When a line of the entries contains the word "blast", report that line.

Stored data
────

(* Assume the setting described in the context and fix $T_1>0$. Suppose Assumptions (A1), (A2) and (A3) hold. Then \[\lim_{n\rightarrow\infty}\sup_{x\in F}\sup_{t\geq T_1}\left|\beta(n)q^n_{\lfloor\gamma(n)t\rfloor}(g_n(x))-q_t(x)\right|=0.\]
   Context: Let $(E,d_E)$ be a metric space and $F\subseteq E$ such that $F\cap\overline{B}_E(x,r)$ is compact for all $x\in E$, $r>0$; here $\overline{B}_E(x,r)$, $B_E(x,r)$ are the closed and open balls of $(E,d_E)$. Let $d_F:=d_E|_{F\times F}$ and let $B_F(x,r)$ be the open ball in $(F,d_F)$. Fix $\rho\in F$, a Radon measure $\nu$ of full support on $(F,d_F)$ (regarded also as a Borel measure on $E$ via $\nu(A):=\nu(A\cap F)$), and a function $(q_t(x))_{x\in F,t>0}$, jointly continuous in $(t,x)$, with $q_t\ge0$ and $\int_F q_t\,d\nu=1$ for each $t>0$. For a locally finite connected graph $G$ with at least two vertices, vertex set $V(G)$, edge set $E(G)$ and distinguished vertex $\rho(G)$: $d_G$ is the shortest-path metric and $B_G(x,r)$ the open $d_G$-ball; $\mu^G$ is a symmetric weight with $\mu^G_{xy}>0$ iff $\{x,y\}\in E(G)$; $\mu^G_x:=\sum_y\mu^G_{xy}$; $\nu^G(A):=\sum_{x\in A}\mu^G_x$. The discrete time simple random walk $X^G$ has transition probabilities $P_G(x,y)=\mu^G_{xy}/\mu^G_x$ and law $\mathbf{P}^G_x$ from $x$. Set $p^G_m(x,y):=\mathbf{P}^G_x(X^G_m=y)/\nu^G(\{y\})$, $q^G_m(x,y):=\frac12(p^G_m(x,y)+p^G_{m+1}(x,y))$, $q^G_m(x):=q^G_m(\rho(G),x)$. Let $(G^n)_{n\ge1}$ be locally finite connected graphs with $\#V(G^n)\ge2$, $V(G^n)\subseteq E$, $\rho(G^n)=\rho$; write $\nu^n,X^n,q^n,\mathbf{P}^{G^n}$ for $\nu^{G^n},X^{G^n},q^{G^n}$, etc. Let $(\alpha(n)),(\beta(n)),(\gamma(n))$ be non-negative sequences diverging to $\infty$. For $x\in E$, $g_n(x)$ denotes a point of $V(G^n)$ minimising $d_E(x,\cdot)$ over $V(G^n)$. Assumption (A1): (a) there is $c_1>0$ with $d_{G^n}(x,y)\ge c_1\alpha(n)d_E(x,y)$ for all $x,y\in V(G^n)$, $n\ge1$; and there is a non-negative sequence $\tilde\alpha(n)=o(\alpha(n))$ such that for each $r>0$ there exist $c_2<\infty$, $n_0$ with $d_{G^n}(x,y)\le c_2\alpha(n)d_E(x,y)+\tilde\alpha(n)$ for all $x,y\in V(G^n)\cap B_E(\rho,r)$, $n\ge n_0$. (b) For each $r>0$, $\lim_n\sup_{x\in B_F(\rho,r)}d_E(x,V(G^n))=0$. (c) For every $x\in F$, $r>0$, $\lim_n\beta(n)^{-1}\nu^n(B_E(x,r))=\nu(B_E(x,r))$. (d) For every compact interval $I\subset(0,\infty)$, $x\in F$, $r>0$, $\lim_n\mathbf{P}^{G^n}_\rho(X^n_{\lfloor\gamma(n)t\rfloor}\in B_E(x,r))=\int_{B_F(x,r)}q_t(y)\nu(dy)$ uniformly for $t\in I$. Assumption (A2): for every compact interval $I\subset(0,\infty)$ and $r>0$, \[\lim_{\delta\to0}\limsup_{n\to\infty}\sup_{\substack{x,y\in B_{G^n}(\rho,\alpha(n)r):\\ d_{G^n}(x,y)\le\alpha(n)\delta}}\sup_{t\in I}\beta(n)\left|q^n_{\lfloor\gamma(n)t\rfloor}(x)-q^n_{\lfloor\gamma(n)t\rfloor}(y)\right|=0.\] Assumption (A3): $(F,d_F)$ has the midpoint property (for all $x,y\in F$ there is $z\in F$ with $d_F(x,z)=\frac12 d_F(x,y)=d_F(z,y)$), and (a) $\lim_{t\to\infty}\sup_{x\in F}q_t(x)=0$ and $\lim_{r\to\infty}\sup_{x\in F\setminus B_F(\rho,r)}\sup_{t\in I}q_t(x)=0$ for every compact interval $I\subset(0,\infty)$; (b) $\lim_{t\to\infty}\limsup_{n\to\infty}\sup_{x\in V(G^n)}\beta(n)q^n_{\lfloor\gamma(n)t\rfloor}(x)=0$ and, for every compact interval $I\subset(0,\infty)$, $\lim_{r\to\infty}\limsup_{n\to\infty}\sup_{x\in V(G^n)\setminus B_{G^n}(\rho,\alpha(n)r)}\sup_{t\in I}\beta(n)q^n_{\lfloor\gamma(n)t\rfloor}(x)=0$. *)

theory Defs
  imports "HOL-Probability.Probability" "HOL-Library.Landau_Symbols"
begin
theorem mainTheorem18:
  fixes V :: "'a set" and f :: "'a set \<Rightarrow> real" and k p i :: nat
    and ord :: "nat \<Rightarrow> 'a list" and \<alpha> :: real
  assumes "finite V"
    and "\<forall>S. S \<subseteq> V \<longrightarrow> f S \<ge> 0"
    and "monotone_set_fn V f" and "submodular_set_fn V f" and "f {} = 0"
    and "0 < k" and "k \<le> card V"
    and "2 \<le> p"
    and "\<forall>j. 1 \<le> j \<and> j \<le> p \<longrightarrow> distinct (ord j) \<and> set (ord j) = V"
    and "1 \<le> i" and "i \<le> p - 1"
    and "0 \<le> \<alpha>"
    and "real (\<Sum>j=1..i. pPass_k V f k p ord j) \<ge> real k * (real i / real p + \<alpha>)"
  shows "f (pPass_S V f k p ord i) \<ge>
    (1 - (real p / (real p + 1)) ^ i + \<alpha> * (real p / (real p + 1)) ^ (i + 1)) * OPT V f k"
proof -
  interpret p_pass V f k p ord
    using assms by unfold_locales auto
  have "\<alpha> * q ^ (i + 1) \<le> \<alpha> * q ^ i"
    using assms(12) by (intro mult_left_mono power_decreasing) simp_all
  then have "(1 - q ^ i + \<alpha> * q ^ (i + 1)) * OPT V f k \<le> (1 - q ^ i + \<alpha> * q ^ i) * OPT V f k"
    using OPT_ge0 by (intro mult_right_mono) auto
  also have "\<dots> \<le> f (S i)"
    using f_S_lower_bound assms(11-13) by simp
  finally show ?thesis .
qed

end
text \<open>A partition (Q0,Q1,...,Qk) is the list Q with Q!0 = Q0 and tl Q = (Q1,...,Qk).\<close>
definition cclass :: "'a set \<Rightarrow> nat \<Rightarrow> 'a set \<Rightarrow> 'a set set \<Rightarrow> 'a set list set" where
  "cclass S k C F = {A. length A = k \<and> cond_class_problem S C A \<and>
     (\<exists>Q. length Q = k + 1 \<and> F_partition S F Q \<and> C \<subseteq> Q!0 \<and> vec_le A (tl Q))}"

definition ccore :: "'a set \<Rightarrow> nat \<Rightarrow> 'a set \<Rightarrow> 'a set set \<Rightarrow> 'a set list set" where
  "ccore S k C F = {A. length A = k \<and> cond_class_problem S C A \<and>
     (\<forall>A'. class_problem S A' \<and> vec_le A' A \<longrightarrow> A' \<notin> cclass S (length A') C F)}"

end

theory Submission
  imports Defs
begin

text \<open>
  Call a member Q of F complemented if S - Q is in F as well. The complemented members containing C
  are exactly the possible first blocks Q0 of F-partitions (Q0, Q1, ..., Qk) with C in Q0, and
  they are closed under intersection and under removal of finitely many points outside C.
  If some Ai met such a Q in a finite set only, removing that set from Q would classify Ai;
  hence every Ai meets every such Q infinitely. Since there are only countably many of them,
  Ai has an infinite subset Bi almost contained in all of them (a pseudo-intersection).
  Any B' below (B1, ..., Bk) then cannot be classified: its first component would lie in some Qj
  with j \<ge> 1, hence be disjoint from Q0, yet be almost contained in Q0, so it would be finite.
\<close>

primrec pick_chain :: "(nat \<Rightarrow> 'a set) \<Rightarrow> nat \<Rightarrow> 'a set" where
  "pick_chain R 0 = {}"
| "pick_chain R (Suc n) = insert (SOME y. y \<in> R n - pick_chain R n) (pick_chain R n)"

lemma pseudo_intersection_antimono:
  fixes R :: "nat \<Rightarrow> 'a set"
  assumes "antimono R" and "\<And>n. infinite (R n)"
  shows "\<exists>B \<subseteq> R 0. infinite B \<and> (\<forall>n. finite (B - R n))"
proof -
  let ?T = "pick_chain R"
  let ?p = "\<lambda>n. SOME y. y \<in> R n - ?T n"
  have fin: "finite (?T n)" for n
    by (induct n) auto
  have pick: "?p n \<in> R n - ?T n" for n
  proof (rule someI_ex)
    have "infinite (R n - ?T n)"
      using Diff_infinite_finite[OF fin assms(2)] .
    then show "\<exists>y. y \<in> R n - ?T n"
      by (metis ex_in_conv finite.emptyI)
  qed
  have card: "card (?T n) = n" for n
    by (induct n) (use pick fin in auto)
  have "R n \<subseteq> R 0" for n
    using antimonoD[OF assms(1)] by simp
  then have below: "?T n \<subseteq> R 0" for n
    by (induct n) (use pick in auto)
  have mono: "?T m \<subseteq> ?T n" if "m \<le> n" for m n
    using lift_Suc_mono_le[of ?T, OF _ that] by auto
  have tail: "?T m \<subseteq> ?T n \<union> R n" for m n
  proof (induct m)
    case (Suc m)
    show ?case
    proof (cases "m < n")
      case True
      then show ?thesis using mono[of "Suc m" n] by auto
    next
      case False
      then have "?p m \<in> R n"
        using pick[of m] antimonoD[OF assms(1), of n m] by auto
      then show ?thesis using Suc by simp
    qed
  qed simp
  define B where "B = (\<Union>n. ?T n)"
  have "infinite B"
  proof
    assume "finite B"
    moreover have "?T (Suc (card B)) \<subseteq> B"
      unfolding B_def by blast
    ultimately have "card (?T (Suc (card B))) \<le> card B"
      by (rule card_mono)
    then show False
      using card[of "Suc (card B)"] by linarith
  qed
  moreover have "finite (B - R n)" for n
  proof (rule finite_subset[OF _ fin[of n]])
    show "B - R n \<subseteq> ?T n"
      unfolding B_def using tail[of _ n] by blast
  qed
  moreover have "B \<subseteq> R 0"
    unfolding B_def using below by blast
  ultimately show ?thesis
    by blast
qed

lemma Inter_closed_finite:
  assumes "\<forall>P\<in>K. \<forall>Q\<in>K. P \<inter> Q \<in> K" and "finite M" "M \<noteq> {}" "M \<subseteq> K"
  shows "\<Inter>M \<in> K"
  using assms(2-4) by (induct rule: finite_ne_induct) (use assms(1) in auto)

lemma pseudo_intersection_countable:
  assumes "countable K" "K \<noteq> {}" and "\<forall>P\<in>K. \<forall>Q\<in>K. P \<inter> Q \<in> K"
    and "\<forall>Q\<in>K. infinite (X \<inter> Q)"
  shows "\<exists>B \<subseteq> X. infinite B \<and> (\<forall>Q\<in>K. finite (B - Q))"
proof -
  define f where "f = from_nat_into K"
  define R where "R n = X \<inter> \<Inter>(f ` {..n})" for n
  have "f ` {..n} \<subseteq> K" for n
    using from_nat_into[OF assms(2)] by (auto simp: f_def)
  then have "\<Inter>(f ` {..n}) \<in> K" for n
    by (intro Inter_closed_finite[OF assms(3)]) auto
  then have "infinite (R n)" for n
    using assms(4) by (simp add: R_def)
  moreover have "antimono R"
    by (rule antimonoI) (auto simp: R_def)
  ultimately obtain B where B: "B \<subseteq> R 0" "infinite B" "\<forall>n. finite (B - R n)"
    using pseudo_intersection_antimono[of R] by blast
  have "finite (B - Q)" if Q: "Q \<in> K" for Q
  proof -
    obtain n where "f n = Q"
      using from_nat_into_surj[OF assms(1) Q] by (auto simp: f_def)
    then have "B - Q \<subseteq> B - R n"
      by (force simp: R_def)
    then show ?thesis
      using B(3) finite_subset by blast
  qed
  moreover have "B \<subseteq> X"
    using B(1) by (simp add: R_def)
  ultimately show ?thesis
    using B(2) by blast
qed

definition complemented_supersets :: "'a set \<Rightarrow> 'a set set \<Rightarrow> 'a set \<Rightarrow> 'a set set" where
  "complemented_supersets S F C = {Q \<in> F. S - Q \<in> F \<and> C \<subseteq> Q}"

lemma complemented_supersets_Int:
  assumes "\<forall>Q1\<in>F. \<forall>Q2\<in>F. Q1 \<union> Q2 \<in> F \<and> Q1 \<inter> Q2 \<in> F"
    and "P \<in> complemented_supersets S F C" "Q \<in> complemented_supersets S F C"
  shows "P \<inter> Q \<in> complemented_supersets S F C"
  using assms by (auto simp: complemented_supersets_def Diff_Int)

lemma complemented_supersets_Diff_finite:
  assumes "nontrivial_fam S F" and "Q \<in> complemented_supersets S F C"
    and "finite E" "E \<subseteq> S" "C \<inter> E = {}"
  shows "Q - E \<in> complemented_supersets S F C"
proof -
  have "S - (Q - E) = (S - Q) \<union> E"
    using assms(4) by auto
  then show ?thesis
    using assms by (auto simp: complemented_supersets_def nontrivial_fam_def)
qed

lemma Union_list_closed:
  assumes "\<forall>Q1\<in>F. \<forall>Q2\<in>F. Q1 \<union> Q2 \<in> F" "{} \<in> F" "set xs \<subseteq> F"
  shows "\<Union>(set xs) \<in> F"
  using assms(3) by (induct xs) (use assms(1,2) in auto)

lemma pairwise_disj_vec_Cons:
  assumes "pairwise_disj_vec (Q0 # Qs)" "X \<in> set Qs"
  shows "Q0 \<inter> X = {}"
proof -
  obtain j where "j < length Qs" "X = Qs ! j"
    using assms(2) by (auto simp: in_set_conv_nth)
  then show ?thesis
    using assms(1) unfolding pairwise_disj_vec_def
    by (metis length_Cons nat.distinct(1) nth_Cons_0 nth_Cons_Suc Suc_less_eq zero_less_Suc)
qed

lemma F_partition_first_block:
  assumes "nontrivial_fam S F" and "\<forall>Q1\<in>F. \<forall>Q2\<in>F. Q1 \<union> Q2 \<in> F"
    and "F_partition S F (Q0 # Qs)" "C \<subseteq> Q0"
  shows "Q0 \<in> complemented_supersets S F C"
proof -
  have "S - Q0 = \<Union>(set Qs)"
    using assms(3) pairwise_disj_vec_Cons unfolding F_partition_def by fastforce
  moreover have "\<Union>(set Qs) \<in> F"
    using assms unfolding F_partition_def nontrivial_fam_def
    by (intro Union_list_closed) auto
  ultimately show ?thesis
    using assms(3,4) by (simp add: complemented_supersets_def F_partition_def)
qed

lemma singleton_in_cclass1:
  assumes "F \<subseteq> Pow S" and "cond_class_problem S C [A]"
    and "Q \<in> complemented_supersets S F C" "A \<inter> Q = {}"
  shows "[A] \<in> cclass S 1 C F"
proof -
  have "Q \<subseteq> S" "A \<subseteq> S"
    using assms unfolding complemented_supersets_def cond_class_problem_def class_problem_def
    by auto
  then have "F_partition S F [Q, S - Q]"
    using assms(3) unfolding F_partition_def pairwise_disj_vec_def complemented_supersets_def
    by (auto simp: less_Suc_eq)
  moreover have "vec_le [A] [S - Q]"
    using \<open>A \<subseteq> S\<close> assms(4) unfolding vec_le_def by (intro conjI exI[of _ id]) auto
  ultimately show ?thesis
    using assms(2,3) unfolding cclass_def complemented_supersets_def
    by (intro CollectI conjI exI[of _ "[Q, S - Q]"]) auto
qed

────

=== WRITTEN REPLY ===
      unfolding B_def by blast
      unfolding B_def using tail[of _ n] by blast
    unfolding B_def using below by blast
    by blast
    using pseudo_intersection_antimono[of R] by blast
      using B(3) finite_subset by blast
    using B(2) by blast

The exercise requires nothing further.